If all goes according to plan, most of your clients can look forward to a financially secure retirement -- thanks, in large part, to their participation in a qualified retirement plan. But what if they become disabled along the way? In that case, they'll need help to keep the future safe -- help that you can provide through individual disability income insurance.
Savvy financial advisors are beginning to make the connection between retirement and disability. They understand that building an adequate retirement fund requires one thing above all: It requires that an individual be able to work -- not only to maintain their current lifestyle, but to make contributions to a retirement plan and ensure continued employer contributions to the plan as well.
Savings suffer
Consider this simple example: A 45-year-old works until age 65 and makes 20 annual payments of $10,000 to a defined contribution plan. Assuming an annual investment return of 8 percent, the value of the retirement fund at age 65 will be $494,229.

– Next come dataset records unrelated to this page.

(* Let $V$ and $W$ be finite-dimensional simple Yetter-Drinfeld modules over $H=B(n,w,\gamma)$. Then $V\cong W$ if and only if there exist $\alpha,\beta\in\Bbbk^*$ and $r,i\in\mathbb{Z}$ such that both $V$ and $W$ contain a standard element of type $(\alpha,\beta,x^rg^i)$.
   Context: $\Bbbk$ is an algebraically closed field of characteristic $0$; $n,w$ positive integers, $\gamma$ a primitive $n$-th root of unity. $H=B(n,w,\gamma)$ is the Hopf algebra generated by $x^{\pm1},g,y$ with relations $xx^{-1}=x^{-1}x=1$, $xg=gx$, $xy=yx$, $yg=\gamma gy$, $y^n=1-x^w=1-g^n$, with $\Delta(x)=x\otimes x$, $\Delta(g)=g\otimes g$, $\Delta(y)=y\otimes g+1\otimes y$, $\varepsilon(x)=\varepsilon(g)=1$, $\varepsilon(y)=0$, $S(x)=x^{-1}$, $S(g)=g^{-1}$, $S(y)=-yg^{-1}$; $G(H)=\{g^jx^k\}$. A (left-left) Yetter-Drinfeld module is a left $H$-module, left $H$-comodule $(V,\cdot,\delta)$ with $\delta(h\cdot v)=h_{(1)}v_{(-1)}S(h_{(3)})\otimes h_{(2)}\cdot v_{(0)}$; simple means no nonzero proper Yetter-Drinfeld submodules; isomorphism means isomorphism of Yetter-Drinfeld modules. A nonzero $v\in V$ is a standard element of type $(\alpha,\beta,h)$ if $h\in G(H)$, $\alpha,\beta\in\Bbbk^*$, $x\cdot v=\alpha v$, $g\cdot v=\beta v$, $\delta(v)=h\otimes v$. *)

theory Defs
  imports "HOL-Computational_Algebra.Polynomial"
begin

text \<open>H has the k-basis x^k g^j y^l (k integer, 0 <= j,l < n); an element of H is
  represented by its coefficient function on index triples (k,j,l).
  Elements of H (x) H are coefficient functions on pairs of such triples.\<close>

type_synonym idx = "int \<times> nat \<times> nat"

definition valid_idx :: "nat \<Rightarrow> idx \<Rightarrow> bool" where
  "valid_idx n p \<longleftrightarrow> fst (snd p) < n \<and> snd (snd p) < n"

definition fsupp :: "('a \<Rightarrow> 'b::zero) \<Rightarrow> 'a set" where
  "fsupp f = {p. f p \<noteq> 0}"

definition bsingle :: "'a \<Rightarrow> 'b::zero \<Rightarrow> 'a \<Rightarrow> 'b" where
  "bsingle p c = (\<lambda>q. if q = p then c else 0)"

text \<open>Product of basis elements: (x^k g^j y^l)(x^k' g^j' y^l')
  = gamma^(l j') x^(k+k') g^(j+j') y^(l+l'), reduced using g^n = x^w, y^n = 1 - x^w.\<close>
definition mono_mult :: "nat \<Rightarrow> nat \<Rightarrow> 'k::field \<Rightarrow> idx \<Rightarrow> idx \<Rightarrow> idx \<Rightarrow> 'k" where
  "mono_mult n w \<gamma> p p' = (case p of (k, j, l) \<Rightarrow> case p' of (k', j', l') \<Rightarrow>
     let c = \<gamma> ^ (l * j'); a = j + j'; b = l + l';
         K = k + k' + (if a < n then 0 else int w);
         a' = (if a < n then a else a - n)
     in if b < n then bsingle (K, a', b) c
        else (\<lambda>t. bsingle (K, a', b - n) c t - bsingle (K + int w, a', b - n) c t))"

definition hmult :: "nat \<Rightarrow> nat \<Rightarrow> 'k::field \<Rightarrow> (idx \<Rightarrow> 'k) \<Rightarrow> (idx \<Rightarrow> 'k) \<Rightarrow> idx \<Rightarrow> 'k" where
  "hmult n w \<gamma> a b = (\<lambda>t. \<Sum>p\<in>fsupp a. \<Sum>q\<in>fsupp b. a p * b q * mono_mult n w \<gamma> p q t)"

definition hbasis :: "idx \<Rightarrow> idx \<Rightarrow> 'k::field" where
  "hbasis p = bsingle p 1"

definition hone :: "idx \<Rightarrow> 'k::field" where
  "hone = bsingle (0, 0, 0) 1"

fun hpow :: "nat \<Rightarrow> nat \<Rightarrow> 'k::field \<Rightarrow> (idx \<Rightarrow> 'k) \<Rightarrow> nat \<Rightarrow> idx \<Rightarrow> 'k" where
  "hpow n w \<gamma> a 0 = hone"
| "hpow n w \<gamma> a (Suc m) = hmult n w \<gamma> a (hpow n w \<gamma> a m)"

text \<open>Index of the group-like x^r g^i (r, i integers), using g^n = x^w.\<close>
definition gidx :: "nat \<Rightarrow> nat \<Rightarrow> int \<Rightarrow> int \<Rightarrow> idx" where
  "gidx n w r i = (r + int w * (i div int n), nat (i mod int n), 0)"

definition hgl :: "nat \<Rightarrow> nat \<Rightarrow> int \<Rightarrow> int \<Rightarrow> idx \<Rightarrow> 'k::field" where
  "hgl n w r i = bsingle (gidx n w r i) 1"

definition hx :: "nat \<Rightarrow> nat \<Rightarrow> idx \<Rightarrow> 'k::field" where "hx n w = hgl n w 1 0"
definition hxinv :: "nat \<Rightarrow> nat \<Rightarrow> idx \<Rightarrow> 'k::field" where "hxinv n w = hgl n w (-1) 0"
definition hg :: "nat \<Rightarrow> nat \<Rightarrow> idx \<Rightarrow> 'k::field" where "hg n w = hgl n w 0 1"
definition hginv :: "nat \<Rightarrow> nat \<Rightarrow> idx \<Rightarrow> 'k::field" where "hginv n w = hgl n w 0 (-1)"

But what happens if disability strikes? The impact can be dramatic. Assume that this same 45-year-old makes five annual payments of $10,000 to the plan, then becomes totally disabled at age 50. Assuming that the disability is permanent and no more contributions can be made, a huge gap appears at age 65. Instead of growing to $494,229, the retirement fund would be only $200,986. That's a gap of over $293,000 -- a serious one indeed.
Even a shorter disability can mean a dramatic loss of retirement plan value. If the same individual were disabled for two years, they would lose over $61,000 of value in the retirement fund. And if the disability were to last five years, the loss of value at age 65 would come to almost $137,000.
The insurance factor
A long-term disability (LTD) can spell disaster for your client's future. Traditional group and individual insurance plans can't help much. They are designed to replace only a portion of current income. They are not generally intended to replace lost employee or employer retirement plan contributions.

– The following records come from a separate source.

definition regular_sequence :: "('a, 'b) ring_scheme \<Rightarrow> 'a list \<Rightarrow> bool" where
  "regular_sequence R xs \<longleftrightarrow>
     (\<forall>i<length xs. xs ! i \<in> carrier R \<and>
        (\<forall>y\<in>carrier R. xs ! i \<otimes>\<^bsub>R\<^esub> y \<in> Idl\<^bsub>R\<^esub> (set (take i xs)) \<longrightarrow> y \<in> Idl\<^bsub>R\<^esub> (set (take i xs)))) \<and>
     Idl\<^bsub>R\<^esub> (set xs) \<noteq> carrier R"

definition depth_eq :: "('a, 'b) ring_scheme \<Rightarrow> nat \<Rightarrow> bool" where
  "depth_eq R d \<longleftrightarrow>
     (\<exists>xs. length xs = d \<and> set xs \<subseteq> max_ideal R \<and> regular_sequence R xs) \<and>
     \<not> (\<exists>xs. length xs = Suc d \<and> set xs \<subseteq> max_ideal R \<and> regular_sequence R xs)"

definition cohen_macaulay_local :: "('a, 'b) ring_scheme \<Rightarrow> bool" where
  "cohen_macaulay_local R \<longleftrightarrow> noetherian_ring R \<and> local_ring R \<and>
     (\<exists>d. krull_dim_eq R d \<and> depth_eq R d)"

text \<open>Length of I/J (J \<subseteq> I ideals) equals n: a composition series of R-submodules of I/J,
  i.e. a chain of ideals J = K_0 \<subset> ... \<subset> K_n = I with no ideal strictly in between consecutive ones.\<close>
definition quotient_length_eq :: "('a, 'b) ring_scheme \<Rightarrow> 'a set \<Rightarrow> 'a set \<Rightarrow> nat \<Rightarrow> bool" where
  "quotient_length_eq R I J n \<longleftrightarrow> (\<exists>Ks :: 'a set list. length Ks = Suc n \<and>
      Ks ! 0 = J \<and> Ks ! n = I \<and> (\<forall>K\<in>set Ks. ideal K R) \<and>
      (\<forall>i<n. Ks ! i \<subset> Ks ! Suc i \<and>
         \<not> (\<exists>K. ideal K R \<and> Ks ! i \<subset> K \<and> K \<subset> Ks ! Suc i)))"

definition linear_form :: "('a, 'b) ring_scheme \<Rightarrow> ('a, 'm) module \<Rightarrow> ('m \<Rightarrow> 'a) \<Rightarrow> bool" where
  "linear_form R M f \<longleftrightarrow> f \<in> carrier M \<rightarrow> carrier R \<and>
     (\<forall>x\<in>carrier M. \<forall>y\<in>carrier M. f (x \<oplus>\<^bsub>M\<^esub> y) = f x \<oplus>\<^bsub>R\<^esub> f y) \<and>
     (\<forall>a\<in>carrier R. \<forall>x\<in>carrier M. f (a \<odot>\<^bsub>M\<^esub> x) = a \<otimes>\<^bsub>R\<^esub> f x)"

definition trace_of :: "('a, 'b) ring_scheme \<Rightarrow> ('a, 'm) module \<Rightarrow> 'a set" where
  "trace_of R M = Idl\<^bsub>R\<^esub> (\<Union>{f ` carrier M | f. linear_form R M f})"

definition colon :: "('a, 'c) ring_scheme \<Rightarrow> 'a set \<Rightarrow> 'a set" where
  "colon Q I = {x \<in> carrier Q. \<forall>a\<in>I. x \<otimes>\<^bsub>Q\<^esub> a \<in> I}"

end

A few disability insurers have developed programs specifically designed to replace lost retirement savings. A few group LTD carriers now offer an optional benefit that makes payments to a disabled employee's 401(k) or pension plan, in addition to the regular monthly LTD benefit.

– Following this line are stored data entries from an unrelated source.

(* Let $K$ be an oriented knot in $\Sigma\times I$ with a diagram $D$, and let $m(K)$ be the knot whose diagram is obtained from $D$ by switching all crossings. Then for every oriented closed curve $\gamma$ on $\Sigma$ with $[\gamma]\in\mathcal{H}_1^K(\Sigma,\mathbb{Z})$, we have $W_{m(K)}^{\gamma}(t)=-W_K^{\gamma}(t^{-1})$.
   Context: $\Sigma$ is a closed oriented surface, $I=[0,1]$; a knot in $\Sigma\times I$ is an oriented smooth embedding of $S^1$, with diagram its projection to $\Sigma$ carrying over/under information; $C(D)$ is the set of crossings and $w(c)\in\{\pm1\}$ the writhe. $\mathcal{H}_1^K(\Sigma,\mathbb{Z})=\{\alpha\in H_1(\Sigma,\mathbb{Z}):\alpha\cdot[K]=0\}$, $\cdot$ the algebraic intersection number. For a diagram $D$ transverse to $\gamma$ away from crossings: points of $D\cap\gamma$ cut $D$ into arcs; $x\in D\cap\gamma$ is positive if (tangent of $\gamma$, tangent of $D$) is a positive basis of $T_x\Sigma$, negative otherwise; a coloring assigns integers to arcs increasing by one at positive and decreasing by one at negative points when walking along $D$ (exists, unique up to a constant); $f_\gamma(c)$ is the integer on the over-strand minus that on the under-strand at $c$. The writhe polynomial is $W_K^{\gamma}(t)=\sum_{c\in C(D),\,f_\gamma(c)\neq0}w(c)t^{f_\gamma(c)}$, depending only on $K$ and $[\gamma]$. *)

theory Defs
  imports Main "HOL-Computational_Algebra.Formal_Laurent_Series"
begin

text \<open>Combinatorial model of a knot diagram D on \<Sigma> drawn transversally to a closed
curve \<gamma>.  Walking once along D from a base point we meet a cyclic sequence of events:
passages through a crossing c (as the over- or the under-strand) and intersection points
with \<gamma> (carrying their sign +1 / -1).  In addition, for every crossing c we record
cross_sign c = sign of the basis (tangent at the first passage, tangent at the second
passage), which is determined by the projected curve alone (not by over/under data).\<close>

datatype 'c event = Pass 'c bool  \<comment> \<open>passage through crossing; True = over-strand\<close>
                  | GPt int        \<comment> \<open>point of D \<inter> \<gamma> with its sign\<close>

record 'c diagram =
  word :: "'c event list"
  cross_sign :: "'c \<Rightarrow> int"

definition crossings :: "'c diagram \<Rightarrow> 'c set" where
  "crossings D = {c. \<exists>b. Pass c b \<in> set (word D)}"

definition valid_diagram :: "'c diagram \<Rightarrow> bool" where
  "valid_diagram D \<longleftrightarrow> word D \<noteq> [] \<and>
     (\<forall>c\<in>crossings D.
        (\<exists>!i. i < length (word D) \<and> word D ! i = Pass c True) \<and>
        (\<exists>!i. i < length (word D) \<and> word D ! i = Pass c False) \<and>
        cross_sign D c \<in> {1, -1}) \<and>
     (\<forall>s. GPt s \<in> set (word D) \<longrightarrow> s \<in> {1, -1})"

definition intersection_number :: "'c diagram \<Rightarrow> int" where
  "intersection_number D = (\<Sum>i<length (word D). case word D ! i of GPt s \<Rightarrow> s | Pass _ _ \<Rightarrow> 0)"

definition jump :: "'c event \<Rightarrow> int" where
  "jump e = (case e of GPt s \<Rightarrow> s | Pass _ _ \<Rightarrow> 0)"

text \<open>A coloring: col i is the integer on the arc containing / just after event i; it
increases by one at positive and decreases by one at negative points of D \<inter> \<gamma>.\<close>
definition is_coloring :: "'c diagram \<Rightarrow> (nat \<Rightarrow> int) \<Rightarrow> bool" where
  "is_coloring D col \<longleftrightarrow>
     (\<forall>i < length (word D).
        col (Suc i mod length (word D)) = col i + jump (word D ! (Suc i mod length (word D))))"

definition over_pos :: "'c diagram \<Rightarrow> 'c \<Rightarrow> nat" where
  "over_pos D c = (THE i. i < length (word D) \<and> word D ! i = Pass c True)"

definition under_pos :: "'c diagram \<Rightarrow> 'c \<Rightarrow> nat" where
  "under_pos D c = (THE i. i < length (word D) \<and> word D ! i = Pass c False)"

definition f_gamma :: "'c diagram \<Rightarrow> 'c \<Rightarrow> int" where
  "f_gamma D c = (let col = (SOME col. is_coloring D col) in col (over_pos D c) - col (under_pos D c))"

text \<open>Writhe: +cross_sign if the first passage is the over-strand, otherwise its negative
(i.e. the sign of the basis (over tangent, under tangent)).\<close>
definition writhe :: "'c diagram \<Rightarrow> 'c \<Rightarrow> int" where
  "writhe D c = (if over_pos D c < under_pos D c then cross_sign D c else - cross_sign D c)"

definition writhe_poly :: "'c diagram \<Rightarrow> int fls" where
  "writhe_poly D = (\<Sum>c\<in>crossings D.
      if f_gamma D c \<noteq> 0 then fls_const (writhe D c) * fls_X_intpow (f_gamma D c) else 0)"

fun switch_event :: "'c event \<Rightarrow> 'c event" where
  "switch_event (Pass c b) = Pass c (\<not> b)"
| "switch_event (GPt s) = GPt s"

definition mirror :: "'c diagram \<Rightarrow> 'c diagram" where
  "mirror D = D\<lparr>word := map switch_event (word D)\<rparr>"

end

theory Submission
  imports Defs
begin

(* Switching every crossing keeps the projected curve, hence the points of D \<inter> \<gamma>,
   their signs and the colorings, and only exchanges the over- and under-passage of each
   crossing.  So f_\<gamma> changes sign, and so does the writhe, which is the sign of the basis
   (over tangent, under tangent). *)

lemma switch_event_eq_Pass_iff: "switch_event e = Pass c b \<longleftrightarrow> e = Pass c (\<not> b)"
  by (cases e) auto

lemma jump_switch_event [simp]: "jump (switch_event e) = jump e"
  by (cases e) (simp_all add: jump_def)

lemma length_word_mirror [simp]: "length (word (mirror D)) = length (word D)"
  by (simp add: mirror_def)

lemma nth_word_mirror [simp]:
  "i < length (word D) \<Longrightarrow> word (mirror D) ! i = switch_event (word D ! i)"
  by (simp add: mirror_def)

lemma cross_sign_mirror [simp]: "cross_sign (mirror D) = cross_sign D"
  by (simp add: mirror_def)

lemma Pass_in_word_mirror_iff:
  "Pass c b \<in> set (word (mirror D)) \<longleftrightarrow> Pass c (\<not> b) \<in> set (word D)"
  by (force simp: mirror_def switch_event_eq_Pass_iff eq_commute[of "Pass c b"])

lemma crossings_mirror [simp]: "crossings (mirror D) = crossings D"
  unfolding crossings_def Pass_in_word_mirror_iff ex_bool_eq by auto

lemma over_pos_mirror [simp]: "over_pos (mirror D) c = under_pos D c"
  unfolding over_pos_def under_pos_def
  by (rule arg_cong[where f = The]) (auto simp: switch_event_eq_Pass_iff)

lemma under_pos_mirror [simp]: "under_pos (mirror D) c = over_pos D c"
  unfolding over_pos_def under_pos_def
  by (rule arg_cong[where f = The]) (auto simp: switch_event_eq_Pass_iff)

lemma is_coloring_mirror [simp]: "is_coloring (mirror D) = is_coloring D"
proof -
  have "Suc i mod length (word D) < length (word D)" if "i < length (word D)" for i
    using that by (auto intro: mod_less_divisor)
  then show ?thesis
    unfolding is_coloring_def by (intro ext) simp
qed

(* No coloring needs to exist: D and mirror D have literally the same colorings, so the
   choice in f_gamma picks the same one for both. *)

lemma f_gamma_mirror [simp]: "f_gamma (mirror D) c = - f_gamma D c"
  unfolding f_gamma_def Let_def by simp

lemma over_pos_neq_under_pos:
  assumes "valid_diagram D" "c \<in> crossings D"
  shows "over_pos D c \<noteq> under_pos D c"
proof -
  from assms have over: "\<exists>!i. i < length (word D) \<and> word D ! i = Pass c True"
    and under: "\<exists>!i. i < length (word D) \<and> word D ! i = Pass c False"
    unfolding valid_diagram_def by auto
  have "word D ! over_pos D c = Pass c True"
    using theI'[OF over] unfolding over_pos_def by blast
  moreover have "word D ! under_pos D c = Pass c False"
    using theI'[OF under] unfolding under_pos_def by blast
  ultimately show ?thesis by auto
qed

lemma writhe_mirror:
  assumes "valid_diagram D" "c \<in> crossings D"
  shows "writhe (mirror D) c = - writhe D c"
  using over_pos_neq_under_pos[OF assms] unfolding writhe_def by simp

lemma fls_nth_writhe_poly:
  "fls_nth (writhe_poly D) k =
     (\<Sum>c\<in>crossings D. if f_gamma D c = k \<and> k \<noteq> 0 then writhe D c else 0)"
  unfolding writhe_poly_def fls_nth_sum by (intro sum.cong) auto

theorem proposition3p4:
  fixes D :: "'c diagram"
  assumes "valid_diagram D"
    and "intersection_number D = 0"
  shows "\<forall>k::int. fls_nth (writhe_poly (mirror D)) k = - fls_nth (writhe_poly D) (- k)"
proof
  fix k :: int
  have "fls_nth (writhe_poly (mirror D)) k =
      (\<Sum>c\<in>crossings D. - (if f_gamma D c = - k \<and> - k \<noteq> 0 then writhe D c else 0))"
    unfolding fls_nth_writhe_poly crossings_mirror f_gamma_mirror
    by (intro sum.cong) (auto simp: writhe_mirror[OF assms(1)])
  also have "\<dots> = - fls_nth (writhe_poly D) (- k)"
    by (simp only: fls_nth_writhe_poly sum_negf)
  finally show "fls_nth (writhe_poly (mirror D)) k = - fls_nth (writhe_poly D) (- k)" .
qed

end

There is, however, another type of retirement protection program that you should consider, especially for your higher-income or self-employed clients. Currently available from only three insurers, it uses an individual disability income policy or rider to replace lost retirement plan contributions. Instead of directing disability payments to your client's pension plan, the policy pays benefits into a trust that is set up specifically for the policyholder's benefit. The trustee invests the policy benefits until your client, the trust beneficiary, reaches age 65. At that point, trust assets are distributed to your client to provide a retirement income.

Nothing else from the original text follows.